■ Problem to work on: Write out the stretch of lines below that begins at the line with "using assms img" and ends at the line with "bs \<Longrightarrow> sobj", including both, exactly as given and nothing more.

*** Opening of Input ***

lemma syndetic_image_bounded_shift:
  assumes "syndetic A" "\<And>n. n \<in> A \<Longrightarrow> k n \<le> K"
  shows "syndetic ((\<lambda>n. n + k n) ` A)"
proof -
  obtain L where L: "L > 0" "\<And>n. \<exists>m\<in>A. n \<le> m \<and> m < n + L"
    using assms(1) unfolding syndetic_def by blast
  show ?thesis unfolding syndetic_def
  proof (intro exI[of _ "L + K"] conjI allI)
    fix n
    obtain m where m: "m \<in> A" "n \<le> m" "m < n + L" using L(2) by blast
    then show "\<exists>m\<in>(\<lambda>n. n + k n) ` A. n \<le> m \<and> m < n + (L + K)"
      using assms(2)[OF m(1)] by (intro bexI[of _ "m + k m"]) auto
  qed (use L in auto)
qed

lemma mem_J_set:
  "n \<in> J_set T U \<delta> \<longleftrightarrow> (\<forall>x1\<in>U. \<forall>x2\<in>U. dist ((T ^^ n) x1) ((T ^^ n) x2) \<le> \<delta>)"
  unfolding J_set_def S_set_def by (auto simp: not_less)

lemma J_set_antimono: "U \<subseteq> U' \<Longrightarrow> J_set T U' \<delta> \<subseteq> J_set T U \<delta>"
  unfolding J_set_def S_set_def by blast

lemma J_set_shift_preimage:
  "(\<lambda>n. n + k) ` J_set T V \<delta> \<subseteq> J_set T ((T ^^ k) -` V) \<delta>"
  by (auto simp: mem_J_set funpow_add)

lemma funpow_in_invariant: "T ` X \<subseteq> X \<Longrightarrow> x \<in> X \<Longrightarrow> (T ^^ n) x \<in> X"
  by (induction n) auto

lemma continuous_on_funpow:
  assumes "continuous_on X T" "T ` X \<subseteq> X"
  shows "continuous_on X (T ^^ n)"
proof (induction n)
  case (Suc n)
  have "continuous_on ((T ^^ n) ` X) T"
    using continuous_on_subset[OF assms(1)] funpow_in_invariant[OF assms(2)] by blast
  then show ?case
    using continuous_on_compose[OF Suc.IH] by simp
qed (simp add: continuous_on_id)

lemma factor_map_funpow:
  assumes "factor_map X T Y S \<pi>" "T ` X \<subseteq> X" "x \<in> X"
  shows "\<pi> ((T ^^ n) x) = (S ^^ n) (\<pi> x)"
  using funpow_in_invariant[OF assms(2,3)] assms(1)
  by (induction n) (auto simp: factor_map_def)

lemma uniformly_equicontinuous_funpow_upto:
  assumes "compact Y" "continuous_on Y S" "S ` Y \<subseteq> Y" "(e::real) > 0"
  shows "\<exists>\<delta>>0. \<forall>k\<le>K. \<forall>y1\<in>Y. \<forall>y2\<in>Y. dist y1 y2 < \<delta> \<longrightarrow> dist ((S ^^ k) y1) ((S ^^ k) y2) < e"
proof (induction K)
  case 0
  show ?case using assms(4) by (intro exI[of _ e]) auto
next
  case (Suc K)
  then obtain d1 where d1: "d1 > 0"
    "\<forall>k\<le>K. \<forall>y1\<in>Y. \<forall>y2\<in>Y. dist y1 y2 < d1 \<longrightarrow> dist ((S ^^ k) y1) ((S ^^ k) y2) < e"
    by blast
  have "uniformly_continuous_on Y (S ^^ Suc K)"
    using compact_uniformly_continuous[OF continuous_on_funpow[OF assms(2,3)] assms(1)] .
  then obtain d2 where d2: "d2 > 0"
    "\<forall>y2\<in>Y. \<forall>y1\<in>Y. dist y1 y2 < d2 \<longrightarrow> dist ((S ^^ Suc K) y1) ((S ^^ Suc K) y2) < e"
    unfolding uniformly_continuous_on_def using assms(4) by blast
  show ?case
  proof (intro exI[of _ "min d1 d2"] conjI allI impI ballI)
    fix k y1 y2 assume k: "k \<le> Suc K" and y: "y1 \<in> Y" "y2 \<in> Y" "dist y1 y2 < min d1 d2"
    show "dist ((S ^^ k) y1) ((S ^^ k) y2) < e"
    proof (cases "k = Suc K")
      case True
      then show ?thesis using d2(2) y by simp
    next
      case False
      then show ?thesis using d1(2) k y by simp
    qed
  qed (use d1 d2 in simp)
qed
(* In the Min Sum Set Cover case (all box values in $\{0,\infty\}$), there is a scenario-independent rounding which, given any doubly stochastic $\overline{x}\in[0,1]^{n\times n}$, produces a random order of opening the boxes such that for every scenario $s$ the expected number of boxes opened until a box of value $0$ in $s$ is opened is at most $4\,\overline{g}^s(\overline{x})$; i.e. it is a $4$-approximation.
   Context: There are $n$ boxes $\mathcal{B}=\{1,\dots,n\}$ and time steps $\mathcal{T}=\{1,\dots,n\}$. A scenario $s$ is a vector $c^s\in\{0,\infty\}^n$ with at least one zero entry. For doubly stochastic $x$, $\overline{g}^s(x)=\min_{z\ge0}\sum_{i\in\mathcal{B},t\in\mathcal{T}}(t+c^s_i)z_{it}$ subject to $\sum_{i,t}z_{it}=1$ and $z_{it}\le x_{it}$ for all $i,t$ (with $z_{it}=0$ forced wherever $c^s_i=\infty$ in a finite solution). *)

theory Defs
  imports "HOL-Probability.Probability"
begin

text \<open>Boxes and time steps are both indexed by {1..n}. A fractional solution is
  x :: nat => nat => real, with x i t the mass of box i at time t.\<close>

definition doubly_stochastic :: "nat \<Rightarrow> (nat \<Rightarrow> nat \<Rightarrow> real) \<Rightarrow> bool" where
  "doubly_stochastic n x \<longleftrightarrow>
     (\<forall>i\<in>{1..n}. \<forall>t\<in>{1..n}. 0 \<le> x i t) \<and>
     (\<forall>i\<in>{1..n}. (\<Sum>t\<in>{1..n}. x i t) = 1) \<and>
     (\<forall>t\<in>{1..n}. (\<Sum>i\<in>{1..n}. x i t) = 1)"

text \<open>A Min Sum Set Cover scenario is described by its set S of boxes of value 0
  (all other boxes have value infinity); S is nonempty. The LP value
  g^s(x) = min { sum_{i,t} (t + c_i) z_it : z >= 0, sum z = 1, z <= x }, where a finite
  value forces z_it = 0 for boxes of infinite value.\<close>

definition gbar :: "nat \<Rightarrow> (nat \<Rightarrow> nat \<Rightarrow> real) \<Rightarrow> nat set \<Rightarrow> real" where
  "gbar n x S = Inf { (\<Sum>i\<in>{1..n}. \<Sum>t\<in>{1..n}. real t * z i t) | z.
       (\<forall>i\<in>{1..n}. \<forall>t\<in>{1..n}. 0 \<le> z i t \<and> z i t \<le> x i t) \<and>
       (\<Sum>i\<in>{1..n}. \<Sum>t\<in>{1..n}. z i t) = 1 \<and>
       (\<forall>i\<in>{1..n} - S. \<forall>t\<in>{1..n}. z i t = 0) }"
inductive dcong :: "('o,'m,'z) cat_scheme \<Rightarrow> cls \<Rightarrow> 'v list \<Rightarrow> 'v lterm
     \<Rightarrow> ('o,'m) dv \<Rightarrow> ('o,'m) dv \<Rightarrow> bool" for A C where
  dcong_refl: "deriv A C xs p \<Delta> M a \<Longrightarrow> dcong A C xs M p p"
| dcong_sym: "dcong A C xs M p q \<Longrightarrow> dcong A C xs M q p"
| dcong_trans: "dcong A C xs M p q \<Longrightarrow> dcong A C xs M q r \<Longrightarrow> dcong A C xs M p r"
| dcong_Abs: "dcong A C (xs @ [x]) M p q \<Longrightarrow>
    deriv A C xs (DAbs \<Delta> a p) \<Delta> (Lam x M) a \<Longrightarrow> deriv A C xs (DAbs \<Delta> a q) \<Delta> (Lam x M) a \<Longrightarrow>
    dcong A C xs (Lam x M) (DAbs \<Delta> a p) (DAbs \<Delta> a q)"
| dcong_App: "dcong A C xs M p0 q0 \<Longrightarrow> length qs = length ps \<Longrightarrow>
    (\<forall>i<length ps. dcong A C xs N (ps ! i) (qs ! i)) \<Longrightarrow>
    deriv A C xs (DApp \<Delta> a p0 ps \<eta>) \<Delta> (App M N) a \<Longrightarrow>
    deriv A C xs (DApp \<Delta> a q0 qs \<eta>) \<Delta> (App M N) a \<Longrightarrow>
    dcong A C xs (App M N) (DApp \<Delta> a p0 ps \<eta>) (DApp \<Delta> a q0 qs \<eta>)"
| dcong_i: "smor A C (k, \<alpha>, fs) as bs \<Longrightarrow>
    lhs = DApp \<Delta> a p0
            (map (\<lambda>j. lact A (fs ! j) (bs ! j) (ps ! (\<alpha> ! j))) [0..<length bs])
            (cthen A \<eta> (cmtensor (length xs) [cid A (dvctx p0), astar A (length xs) (map dvctx ps) \<alpha>])) \<Longrightarrow>
    rhs = DApp \<Delta> a (lact A (ArrM k \<alpha> fs (did A a)) (Arr as a) p0) ps \<eta> \<Longrightarrow>
    deriv A C xs lhs \<Delta> (App M N) a \<Longrightarrow> deriv A C xs rhs \<Delta> (App M N) a \<Longrightarrow>
    dcong A C xs (App M N) lhs rhs"
| dcong_ii: "length \<theta>s = Suc (length ps) \<Longrightarrow> length \<Gamma>s = length \<theta>s \<Longrightarrow>
    (\<forall>j<length \<theta>s. cmor A C (\<theta>s ! j) (\<Gamma>s ! j) ((dvctx p0 # map dvctx ps) ! j)) \<Longrightarrow>
    lhs = DApp \<Delta> a (ract A (\<Gamma>s ! 0) (\<theta>s ! 0) p0)
            (map (\<lambda>i. ract A (\<Gamma>s ! Suc i) (\<theta>s ! Suc i) (ps ! i)) [0..<length ps]) \<eta> \<Longrightarrow>
    rhs = DApp \<Delta> a p0 ps (cthen A \<eta> (cmtensor (length xs) \<theta>s)) \<Longrightarrow>
    deriv A C xs lhs \<Delta> (App M N) a \<Longrightarrow> deriv A C xs rhs \<Delta> (App M N) a \<Longrightarrow>
    dcong A C xs (App M N) lhs rhs"

text \<open>T_D(M)_xs (Delta, a) and its functorial action  [f](pi{eta}).\<close>
definition TQ :: "('o,'m,'z) cat_scheme \<Rightarrow> cls \<Rightarrow> 'v list \<Rightarrow> 'v lterm \<Rightarrow> 'o ctx \<Rightarrow> 'o ty
     \<Rightarrow> ('o,'m) dv set set" where
  "TQ A C xs M \<Delta> a = {p. deriv A C xs p \<Delta> M a} // {(p, q). dcong A C xs M p q}"

definition TQact :: "('o,'m,'z) cat_scheme \<Rightarrow> cls \<Rightarrow> 'v list \<Rightarrow> 'v lterm \<Rightarrow> 'o ctx \<Rightarrow> 'o ty
     \<Rightarrow> 'm smor list \<Rightarrow> 'm tm \<Rightarrow> ('o,'m) dv set \<Rightarrow> ('o,'m) dv set" where
  "TQact A C xs M \<Delta>' a' \<eta> f X =
     (\<Union>p\<in>X. {q. dcong A C xs M (lact A f a' (ract A \<Delta>' \<eta> p)) q})"

end

(*
  A derivation of \<Delta> \<turnstile> M : a carries, node by node, exactly the data of a representative
  of an element of [[M]](\<Delta>, a): a Var node is an element of a hom-set, an Abs node is
  transparent, and an App node is a tuple of the coend defining [[M N]].  Reading derivations
  this way (dv_el) is, for each (\<Delta>, a), a bijection onto the representatives, and it turns
  the actions [f](\<pi>{\<eta>}) into the functorial action of [[M]].  Under this bijection the
  generators of the congruence match the generators of the coend relation: congruence of the
  premises gives the factorwise generator, rule (ii) dinaturality in the contexts, and rule (i)
  dinaturality in the argument types.  Hence, by induction on M, two derivations are congruent
  iff their representatives are identified, and taking preimages under dv_el is a natural
  bijection from [[M]] to T_D(M).
*)
theory Submission
  imports Defs
begin

section \<open>Morphisms of D, of SD and of contexts\<close>

lemma inC_upt: "inC C k [0..<k]"
  by (cases C) auto

lemma inC_map_nth:
  assumes "inC C k \<alpha>" "inC C k' \<beta>" "length \<beta> = k"
  shows "inC C k' (map ((!) \<beta>) \<alpha>)"
proof -
  have img: "(!) \<beta> ` {..<k} = set \<beta>"
    using assms(3) by (auto simp: in_set_conv_nth)
  have inj: "inj_on ((!) \<beta>) (set \<alpha>)" if "distinct \<beta>" "set \<alpha> \<subseteq> {..<k}"
    using that assms(3) by (auto simp: inj_on_def nth_eq_iff_index_eq subset_iff)
  show ?thesis
    using assms img inj by (cases C) (auto simp: distinct_map)
qed

inductive_cases dmor_AtE: "dmor A C g (At c) d"
inductive_cases dmor_AtE': "dmor A C g d (At c)"
inductive_cases dmor_ArrE: "dmor A C g (Arr as a) d"
inductive_cases dmor_ArrE': "dmor A C g d (Arr as a)"

lemma smor_sobj: "smor A C \<phi> as bs \<Longrightarrow> sobj A as \<and> sobj A bs"
  by (cases \<phi>) (auto simp: smor_def)

lemma cmor_length: "cmor A C \<eta> \<Delta> \<Gamma> \<Longrightarrow> length \<eta> = length \<Delta> \<and> length \<Gamma> = length \<Delta>"
  by (simp add: cmor_def)

lemma cmor_nth: "cmor A C \<eta> \<Delta> \<Gamma> \<Longrightarrow> j < length \<Delta> \<Longrightarrow> smor A C (\<eta> ! j) (\<Delta> ! j) (\<Gamma> ! j)"
  by (simp add: cmor_def)

lemma cmor_cobj: "cmor A C \<eta> \<Delta>' \<Delta> \<Longrightarrow> cobj A n \<Delta> \<Longrightarrow> cobj A n \<Delta>'"
  unfolding cobj_def by (metis cmor_length cmor_nth smor_sobj in_set_conv_nth)

lemma cmor_append:
  "cmor A C \<eta> \<Delta> \<Gamma> \<Longrightarrow> smor A C \<phi> as bs \<Longrightarrow> cmor A C (\<eta> @ [\<phi>]) (\<Delta> @ [as]) (\<Gamma> @ [bs])"
  by (auto simp: cmor_def nth_append)

lemma cthen_append:
  "length \<eta> = length \<theta> \<Longrightarrow> cthen A (\<eta> @ [\<phi>]) (\<theta> @ [\<psi>]) = cthen A \<eta> \<theta> @ [sthen A \<phi> \<psi>]"
  by (simp add: cthen_def)

lemma cid_append: "cid A (\<Delta> @ [as]) = cid A \<Delta> @ [sid A as]"
  by (simp add: cid_def)

locale type_category =
  fixes A :: "('o, 'm, 'z) cat_scheme" and C :: cls
  assumes is_cat: "is_cat A"
begin

lemma dmor_dobj: "dmor A C f a b \<Longrightarrow> dobj A a \<and> dobj A b"
  by (induction rule: dmor.induct) (use is_cat in \<open>auto simp: is_cat_def sobj_def\<close>)

lemma did_dmor: "dobj A a \<Longrightarrow> dmor A C (did A a) a a"
proof (induction a)
  case (At c)
  then show ?case
    using is_cat by (auto intro!: dmor_At simp: is_cat_def)
next
  case (Arr as a)
  then show ?case
    by (auto intro!: dmor_Arr simp: sobj_def inC_upt)
qed

lemma dcomp_did:
  "dmor A C f a b \<Longrightarrow> dcomp A (did A b) f = f \<and> dcomp A f (did A a) = f"
proof (induction rule: dmor.induct)
  case (dmor_At m c c')
  then show ?case
    using is_cat by (auto simp: is_cat_def)
next
  case (dmor_Arr as as' k \<alpha> fs g a a')
  then show ?case
    by (auto intro!: nth_equalityI)
qed

lemma dcomp_did_left: "dmor A C f a b \<Longrightarrow> dcomp A (did A b) f = f"
  and dcomp_did_right: "dmor A C f a b \<Longrightarrow> dcomp A f (did A a) = f"
  using dcomp_did by blast+

text \<open>Induction on the middle object, since the argument components of a composite
  compose, in reverse order, through the argument components of the middle object.\<close>
lemma dcomp_dmor: "dmor A C f a b \<Longrightarrow> dmor A C g b c \<Longrightarrow> dmor A C (dcomp A g f) a c"
proof (induction b arbitrary: a c f g)
  case (At o2)
  then show ?case
    using is_cat by (auto elim!: dmor_AtE dmor_AtE' intro!: dmor_At simp: is_cat_def)
next
  case (Arr bs b)
  from Arr.prems(1) obtain as a0 k \<alpha> fs f0 where f: "f = ArrM k \<alpha> fs f0" "a = Arr as a0"
    "sobj A as" "k = length bs" "length \<alpha> = length as" "length fs = length as" "inC C k \<alpha>"
    "\<forall>i<length as. \<alpha> ! i < k \<and> dmor A C (fs ! i) (bs ! (\<alpha> ! i)) (as ! i)" "dmor A C f0 a0 b"
    by (elim dmor_ArrE') auto
  from Arr.prems(2) obtain cs c0 k' \<beta> gs g0 where g: "g = ArrM k' \<beta> gs g0" "c = Arr cs c0"
    "sobj A cs" "k' = length cs" "length \<beta> = length bs" "length gs = length bs" "inC C k' \<beta>"
    "\<forall>i<length bs. \<beta> ! i < k' \<and> dmor A C (gs ! i) (cs ! (\<beta> ! i)) (bs ! i)" "dmor A C g0 b c0"
    by (elim dmor_ArrE) auto
  have "dmor A C (dcomp A (fs ! i) (gs ! (\<alpha> ! i))) (cs ! (\<beta> ! (\<alpha> ! i))) (as ! i)"
    if "i < length as" for i
    using Arr.IH(1) f g that by (metis nth_mem)
  then show ?case
    unfolding f g using f g Arr.IH(2) inC_map_nth[of C k \<alpha> k' \<beta>]
    by (auto intro!: dmor_Arr)
qed

text \<open>Induction on the middle morphism, whose argument components stay in the middle
  of the argument components of both composites.\<close>
lemma dcomp_assoc:
  "dmor A C g b c \<Longrightarrow> dmor A C f a b \<Longrightarrow> dmor A C h c d \<Longrightarrow>
   dcomp A h (dcomp A g f) = dcomp A (dcomp A h g) f"
proof (induction arbitrary: a d f h rule: dmor.induct)
  case (dmor_At m b c)
  then show ?case
    using is_cat by (auto elim!: dmor_AtE dmor_AtE' simp: is_cat_def)
next
  case (dmor_Arr bs cs k \<beta> gs g0 b c)
  from dmor_Arr.prems(1) obtain as a0 k0 \<alpha> fs f0 where f: "f = ArrM k0 \<alpha> fs f0" "a = Arr as a0"
    "k0 = length bs" "length \<alpha> = length as" "length fs = length as"
    "\<forall>i<length as. \<alpha> ! i < k0 \<and> dmor A C (fs ! i) (bs ! (\<alpha> ! i)) (as ! i)" "dmor A C f0 a0 b"
    by (elim dmor_ArrE') auto
  from dmor_Arr.prems(2) obtain ds d0 k' \<gamma> hs h0 where h: "h = ArrM k' \<gamma> hs h0" "d = Arr ds d0"
    "length \<gamma> = length cs" "length hs = length cs"
    "\<forall>i<length cs. \<gamma> ! i < k' \<and> dmor A C (hs ! i) (ds ! (\<gamma> ! i)) (cs ! i)" "dmor A C h0 c d0"
    by (elim dmor_ArrE) auto
  have "dcomp A (fs ! i) (dcomp A (gs ! (\<alpha> ! i)) (hs ! (\<beta> ! (\<alpha> ! i)))) =
        dcomp A (dcomp A (fs ! i) (gs ! (\<alpha> ! i))) (hs ! (\<beta> ! (\<alpha> ! i)))"
    if "i < length as" for i
    using dmor_Arr.IH(1) dmor_Arr.hyps f h that by metis
  moreover have "\<forall>x\<in>set \<alpha>. x < length \<beta>"
    using f dmor_Arr.hyps by (auto simp: in_set_conv_nth)
  ultimately show ?case
    unfolding f h using f h dmor_Arr by (auto intro!: nth_equalityI)
qed

lemma sid_smor: "sobj A as \<Longrightarrow> smor A C (sid A as) as as"
  by (auto simp: sid_def smor_def inC_upt sobj_def intro!: did_dmor)

lemma smor_singleton: "dmor A C g a b \<Longrightarrow> smor A C (1, [0], [g]) [a] [b]"
  using dmor_dobj[of g a b] by (cases C) (auto simp: smor_def sobj_def)

lemma sthen_smor:
  assumes "smor A C \<phi> as bs" "smor A C \<psi> bs cs"
  shows "smor A C (sthen A \<phi> \<psi>) as cs"
proof -
  obtain k \<alpha> fs m \<beta> gs where "\<phi> = (k, \<alpha>, fs)" "\<psi> = (m, \<beta>, gs)"
    by (cases \<phi>, cases \<psi>) auto
  then show ?thesis
    using assms inC_map_nth[of C m \<beta> k \<alpha>] by (auto simp: smor_def intro: dcomp_dmor)
qed
lemma psi_Rist_v:
  assumes k: "1 \<le> k" and u: "u \<in> level k"
  shows "psi k ` Rist_v u = {f \<in> PiE (level k) (\<lambda>_. H k \<union> {id}).
           f u \<in> H k \<and> (\<forall>v \<in> level k. v \<noteq> u \<longrightarrow> f v = id)}" (is "_ = ?R")
proof
  show "psi k ` Rist_v u \<subseteq> ?R"
  proof
    fix f assume "f \<in> psi k ` Rist_v u"
    then obtain g where g: "g \<in> Rist_v u" and f: "f = psi k g" by blast
    have "sect g v = id" if "v \<in> level k" "v \<noteq> u" for v
      using Rist_v_sect_other[OF g] that u by (simp add: level_def)
    with sect_Rist_v_in_H[OF g u k] u show "f \<in> ?R" by (auto simp: f psi_def)
  qed
  show "?R \<subseteq> psi k ` Rist_v u"
  proof
    fix f assume f: "f \<in> ?R"
    then obtain g where g: "g \<in> Rist_v u" "sect g u = f u"
      using Rist_v_with_sect[OF u] by blast
    have "sect g v = f v" if "v \<in> level k" for v
      using that f g Rist_v_sect_other[OF g(1)] u by (cases "v = u") (auto simp: level_def)
    then have "psi k g = f"
      using PiE_restrict[of f] f unfolding psi_def by (metis (no_types, lifting) mem_Collect_eq restrict_ext)
    then show "f \<in> psi k ` Rist_v u" using g(1) by blast
  qed
qed

theorem theorem5p5:
  fixes k :: nat
  assumes "k \<ge> 1"
  shows "Rist_level k \<subseteq> St k
       \<and> psi k ` Rist_level k = PiE (level k) (\<lambda>_. H k)
       \<and> psi k ` Rist_v (replicate k X1) =
           {f \<in> PiE (level k) (\<lambda>_. H k \<union> {id}).
              f (replicate k X1) \<in> H k \<and>
              (\<forall>u \<in> level k. u \<noteq> replicate k X1 \<longrightarrow> f u = id)}"
proof (intro conjI)
  show "Rist_level k \<subseteq> St k" using Rist_level_St_sects assms by blast
  show "psi k ` Rist_level k = PiE (level k) (\<lambda>_. H k)" using psi_Rist_level assms .
  show "psi k ` Rist_v (replicate k X1) = {f \<in> PiE (level k) (\<lambda>_. H k \<union> {id}).
      f (replicate k X1) \<in> H k \<and> (\<forall>u \<in> level k. u \<noteq> replicate k X1 \<longrightarrow> f u = id)}"
    using assms by (intro psi_Rist_v) (simp_all add: level_def)
qed

end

*** Close of Input ***

■ Task result:
    using assms img inj by (cases C) (auto simp: distinct_map)
qed

inductive_cases dmor_AtE: "dmor A C g (At c) d"
inductive_cases dmor_AtE': "dmor A C g d (At c)"
inductive_cases dmor_ArrE: "dmor A C g (Arr as a) d"
inductive_cases dmor_ArrE': "dmor A C g d (Arr as a)"

lemma smor_sobj: "smor A C \<phi> as bs \<Longrightarrow> sobj A as \<and> sobj A bs"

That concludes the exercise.